| REQUIREMENT |
Only those lines in the data below from the line containing "section \<open>Commuting elements" through the line containing "using subgroup.subset assms(1,4)", both included, should be restated word for word.

| DATA FOR PROCESSING |
lemma conjugates_fixed_by_sylow:
  assumes "finite (carrier G)" and "Factorial_Ring.prime r" and "order G = r ^ k * m" and "\<not> r dvd m"
    and "subgroup Q G" and "card Q = r ^ k"
  shows "{Y \<in> conjugates G Q. \<forall>h \<in> Q. h <# Y #> inv h = Y} = {Q}"
proof -
  have Q_carrier: "Q \<subseteq> carrier G"
    by (rule subgroup.subset[OF assms(5)])
  have "Q = Y" if "Y \<in> conjugates G Q" and Y_fixed: "\<forall>h \<in> Q. h <# Y #> inv h = Y" for Y
  proof -
    obtain g where g: "g \<in> carrier G" "Y = g <# Q #> inv g"
      using \<open>Y \<in> conjugates G Q\<close> unfolding conjugates_def by blast
    have "subgroup Y G"
      using subgroup_conjugation_is_surj2[OF g(1) assms(5)] g(2) by simp
    moreover have "card Y = r ^ k"
      using card_conj_coset[OF g(1) Q_carrier] g(2) assms(6) by simp
    moreover have "Q \<subseteq> normalizer G Y"
      using Y_fixed Q_carrier normalizer_eq[OF subgroup.subset[OF \<open>subgroup Y G\<close>]] by auto
    ultimately show "Q = Y"
      by (rule sylow_subgroup_eq_if_le_normalizer[OF assms])
  qed
  moreover have "\<forall>h \<in> Q. h <# Q #> inv h = Q"
    using subgroup_le_normalizer[OF assms(5)] normalizer_eq[OF Q_carrier] by auto
  ultimately show ?thesis
    using self_mem_conjugates[OF Q_carrier] by blast
qed

lemma card_conjugates_sylow_cong_1:
  assumes "finite (carrier G)" and "Factorial_Ring.prime r" and "order G = r ^ k * m" and "\<not> r dvd m"
    and "subgroup Q G" and "card Q = r ^ k"
  shows "[card (conjugates G Q) = 1] (mod r)"
proof -
  have Q_carrier: "Q \<subseteq> carrier G"
    by (rule subgroup.subset[OF assms(5)])
  have "[card {Y \<in> conjugates G Q. \<forall>h \<in> Q. h <# Y #> inv h = Y} = card (conjugates G Q)] (mod r)"
  proof (rule card_fixed_points_cong_subgroup[OF assms(5,6,2)])
    show "finite (conjugates G Q)"
      unfolding conjugates_def using assms(1) by simp
    show "h <# Y #> inv h \<in> conjugates G Q" if "h \<in> Q" and "Y \<in> conjugates G Q" for h Y
      using conj_coset_mem_conjugates[OF _ Q_carrier that(2)] that(1) Q_carrier by blast
    show "\<one> <# Y #> inv \<one> = Y" if "Y \<in> conjugates G Q" for Y
      using conjugates_subset_carrier[OF Q_carrier that] by (simp add: lcos_mult_one)
    show "(g \<otimes> h) <# Y #> inv (g \<otimes> h) = g <# (h <# Y #> inv h) #> inv g"
      if "g \<in> Q" and "h \<in> Q" and "Y \<in> conjugates G Q" for g h Y
      using conj_coset_mult conjugates_subset_carrier[OF Q_carrier that(3)] that(1,2) Q_carrier by blast
  qed
  then show ?thesis
    using conjugates_fixed_by_sylow[OF assms] by (simp add: cong_sym)
qed

lemma conjugates_eq_singleton_if_index_prime_power:
  assumes "finite (carrier G)" and "Factorial_Ring.prime r" and "Factorial_Ring.prime s" and "r \<noteq> s"
    and "order G = r ^ k * s ^ i" and "subgroup Q G" and "card Q = r ^ k"
    and "\<forall>j. 1 \<le> j \<and> j \<le> i \<longrightarrow> \<not> r dvd s ^ j - 1"
  shows "conjugates G Q = {Q}"
proof -
  have "\<not> r dvd s ^ i"
    using assms(2-4) by (metis prime_dvd_power_nat primes_dvd_imp_eq)
  have "card (conjugates G Q) dvd s ^ i"
    using card_conjugates_dvd_index[OF assms(1,6)] assms(5,7) by simp
  then obtain j where "j \<le> i" and j: "card (conjugates G Q) = s ^ j"
    using divides_primepow_nat[OF assms(3)] by blast
  have cong: "[s ^ j = 1] (mod r)"
    using card_conjugates_sylow_cong_1[OF assms(1,2,5) \<open>\<not> r dvd s ^ i\<close> assms(6,7)] j by simp
  have "j = 0"
  proof (rule ccontr)
    assume "j \<noteq> 0"
    then have "\<not> r dvd s ^ j - 1"
      using assms(8) \<open>j \<le> i\<close> by simp
    moreover have "1 \<le> s ^ j"
      using prime_gt_0_nat[OF assms(3)] by simp
    ultimately show False
      using cong by (simp add: cong_altdef_nat)
  qed
  then have "card (conjugates G Q) = 1"
    using j by simp
  then show ?thesis
    using self_mem_conjugates[OF subgroup.subset[OF assms(6)]] by (metis card_1_singletonE singletonD)
qed

section \<open>Commuting elements of prime order\<close>

lemma exists_nontrivial_centralized:
  assumes "subgroup P G" and "card P = r ^ k" and "Factorial_Ring.prime r"
    and "subgroup Q G" and "finite Q" and "\<And>g. g \<in> P \<Longrightarrow> g <# Q #> inv g = Q"
    and "\<not> [card Q = 1] (mod r)"
  shows "\<exists>y \<in> Q. y \<noteq> \<one> \<and> (\<forall>x \<in> P. x \<otimes> y = y \<otimes> x)"
proof -
  have P_carrier: "P \<subseteq> carrier G" and Q_carrier: "Q \<subseteq> carrier G"
    using subgroup.subset assms(1,4) by blast+
  let ?F = "{y \<in> Q. \<forall>g \<in> P. g \<otimes> y \<otimes> inv g = y}"
  have "[card ?F = card Q] (mod r)"
  proof (rule card_fixed_points_cong_subgroup[OF assms(1-3,5)])
    show "g \<otimes> y \<otimes> inv g \<in> Q" if "g \<in> P" and "y \<in> Q" for g y
      using assms(6)[OF \<open>g \<in> P\<close>] \<open>y \<in> Q\<close> unfolding conj_coset_eq_image by blast
    show "\<one> \<otimes> y \<otimes> inv \<one> = y" if "y \<in> Q" for y
      using that Q_carrier by auto
    show "g \<otimes> h \<otimes> y \<otimes> inv (g \<otimes> h) = g \<otimes> (h \<otimes> y \<otimes> inv h) \<otimes> inv g"
      if "g \<in> P" and "h \<in> P" and "y \<in> Q" for g h y
    proof -
      have "g \<in> carrier G" "h \<in> carrier G" "y \<in> carrier G"
        using that P_carrier Q_carrier by auto
      then show ?thesis
        by (simp add: inv_mult_group m_assoc)
    qed
  qed
  then have "?F \<noteq> {\<one>}"
    using assms(7) by (auto dest: cong_sym)
  moreover have "\<one> \<in> ?F"
    using subgroup.one_closed[OF assms(4)] P_carrier by auto
  ultimately obtain y where y: "y \<in> ?F" "y \<noteq> \<one>"
    by blast
  have "x \<otimes> y = y \<otimes> x" if "x \<in> P" for x
  proof -
    have "x \<in> carrier G" and "y \<in> carrier G"
      using that y(1) P_carrier Q_carrier by auto
    then have "x \<otimes> y = x \<otimes> y \<otimes> inv x \<otimes> x"
      by (simp add: m_assoc)
    also have "\<dots> = y \<otimes> x"
      using that y(1) by simp
    finally show ?thesis .
  qed
  with y show ?thesis
    by blast
qed

lemma ord_dvd_card_subgroup:
  assumes "subgroup H G" and "x \<in> H"
  shows "ord x dvd card H"
proof -
  have x: "x \<in> carrier G"
    by (rule subgroup.mem_carrier[OF assms])
  have "generate G {x} \<subseteq> H"
    using generate_subgroup_incl assms by simp
  then show ?thesis
    using card_subgroup_dvd[OF generate_is_subgroup assms(1)] generate_pow_card[OF x] x by simp
qed

lemma exists_pow_ord_prime:
  assumes "x \<in> carrier G" and "x \<noteq> \<one>" and "Factorial_Ring.prime r" and "ord x dvd r ^ n"
  shows "\<exists>j::nat. ord (x [^] j) = r"
proof -
  obtain a where a: "ord x = r ^ a"
    using divides_primepow_nat[OF assms(3)] assms(4) by blast
  with assms(1,2) obtain b where b: "a = Suc b"
    by (metis ord_eq_1 power_0 not0_implies_Suc)
  have "ord (x [^] r ^ b) = ord x div r ^ b"
    using ord_pow[OF assms(1)] a b prime_gt_0_nat[OF assms(3)] by simp
  also have "\<dots> = r"
    using a b prime_gt_0_nat[OF assms(3)] by simp
  finally show ?thesis
    by blast
qed
lemma centered_gaussian_measure_slab_le:
  fixes M :: "'b::euclidean_space measure"
  assumes M: "prob_space M" "sets M = sets borel" "centered_gaussian M (\<lambda>z. z)"
    and "0 < m" "m \<le> \<bar>b\<bar>" "0 < t"
  shows "measure M {z. \<bar>c \<bullet> z - b\<bar> \<le> t} \<le> 4 * t / m"
proof (cases "t < m / 4")
  case False
  have "measure M {z. \<bar>c \<bullet> z - b\<bar> \<le> t} \<le> 1" using M by (simp add: prob_space.prob_le_1)
  also have "1 \<le> 4 * t / m" using False assms by (simp add: field_simps)
  finally show ?thesis .
next
  case True
  obtain \<sigma> where "\<sigma> \<ge> 0" and distr_eq: "distr M borel (\<lambda>z. c \<bullet> z) =
      (if \<sigma> = 0 then return borel 0 else density lborel (normal_density 0 \<sigma>))"
    using centered_gaussian_distr_inner[OF M(2,3)] .
  have "(\<lambda>z. c \<bullet> z) \<in> measurable M borel"
    unfolding measurable_cong_sets[OF M(2) refl] by simp
  moreover have slab: "{y::real. \<bar>y - b\<bar> \<le> t} \<in> sets borel" by measurable
  ultimately have "measure M {z. \<bar>c \<bullet> z - b\<bar> \<le> t}
      = measure (distr M borel (\<lambda>z. c \<bullet> z)) {y. \<bar>y - b\<bar> \<le> t}"
    using sets_eq_imp_space_eq[OF M(2)] by (simp add: measure_distr vimage_def)
  also have "\<dots> \<le> 2 * t / m"
  proof (cases "\<sigma> = 0")
    case True
    have "0 \<notin> {y::real. \<bar>y - b\<bar> \<le> t}" using assms \<open>t < m / 4\<close> by auto
    thus ?thesis unfolding distr_eq using True slab assms by (simp add: measure_return)
  next
    case False
    thus ?thesis unfolding distr_eq
      using measure_normal_interval_le[of \<sigma> m b t] \<open>\<sigma> \<ge> 0\<close> assms \<open>t < m / 4\<close> by simp
  qed
  also have "\<dots> \<le> 4 * t / m" using assms by (simp add: divide_right_mono)
  finally show ?thesis .
qed

lemma centered_gaussian_integrable_inner_square:
  fixes M :: "'b::euclidean_space measure"
  assumes "sets M = sets borel" "centered_gaussian M (\<lambda>z. z)"
  shows "integrable M (\<lambda>z. (c \<bullet> z)\<^sup>2)"
proof -
  obtain \<sigma> where "\<sigma> \<ge> 0" and distr_eq: "distr M borel (\<lambda>z. c \<bullet> z) =
      (if \<sigma> = 0 then return borel 0 else density lborel (normal_density 0 \<sigma>))"
    using centered_gaussian_distr_inner[OF assms] .
  have "integrable (distr M borel (\<lambda>z. c \<bullet> z)) (\<lambda>y::real. y\<^sup>2)"
  proof (cases "\<sigma> = 0")
    case True
    interpret prob_space "return borel (0::real)" by (rule prob_space_return) simp
    have "integrable (return borel (0::real)) (\<lambda>y. y\<^sup>2)"
      by (intro integrable_const_bound[where B=0]) (auto simp: AE_return)
    thus ?thesis unfolding distr_eq using True by simp
  next
    case False
    hence "\<sigma> > 0" using \<open>\<sigma> \<ge> 0\<close> by simp
    hence "integrable (density lborel (normal_density 0 \<sigma>)) (\<lambda>y::real. y\<^sup>2)"
      using integrable_normal_moment[of \<sigma> 0 2]
      by (subst integrable_density) (auto simp: mult.commute)
    thus ?thesis unfolding distr_eq using False by simp
  qed
  moreover have "(\<lambda>z. c \<bullet> z) \<in> measurable M borel"
    unfolding measurable_cong_sets[OF assms(1) refl] by simp
  ultimately show ?thesis using integrable_distr_eq[of "\<lambda>z. c \<bullet> z" M borel "\<lambda>y. y\<^sup>2"] by simp
qed

lemma measurable_fst_borel[measurable]:
  "fst \<in> borel_measurable (borel :: ('a::euclidean_space \<times> 'b::euclidean_space) measure)"
  by (intro borel_measurable_continuous_onI continuous_intros)

lemma measurable_snd_borel[measurable]:
  "snd \<in> borel_measurable (borel :: ('a::euclidean_space \<times> 'b::euclidean_space) measure)"
  by (intro borel_measurable_continuous_onI continuous_intros)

| ANSWER BOX |
section \<open>Commuting elements of prime order\<close>

lemma exists_nontrivial_centralized:
  assumes "subgroup P G" and "card P = r ^ k" and "Factorial_Ring.prime r"
    and "subgroup Q G" and "finite Q" and "\<And>g. g \<in> P \<Longrightarrow> g <# Q #> inv g = Q"
    and "\<not> [card Q = 1] (mod r)"
  shows "\<exists>y \<in> Q. y \<noteq> \<one> \<and> (\<forall>x \<in> P. x \<otimes> y = y \<otimes> x)"
proof -
  have P_carrier: "P \<subseteq> carrier G" and Q_carrier: "Q \<subseteq> carrier G"
    using subgroup.subset assms(1,4) by blast+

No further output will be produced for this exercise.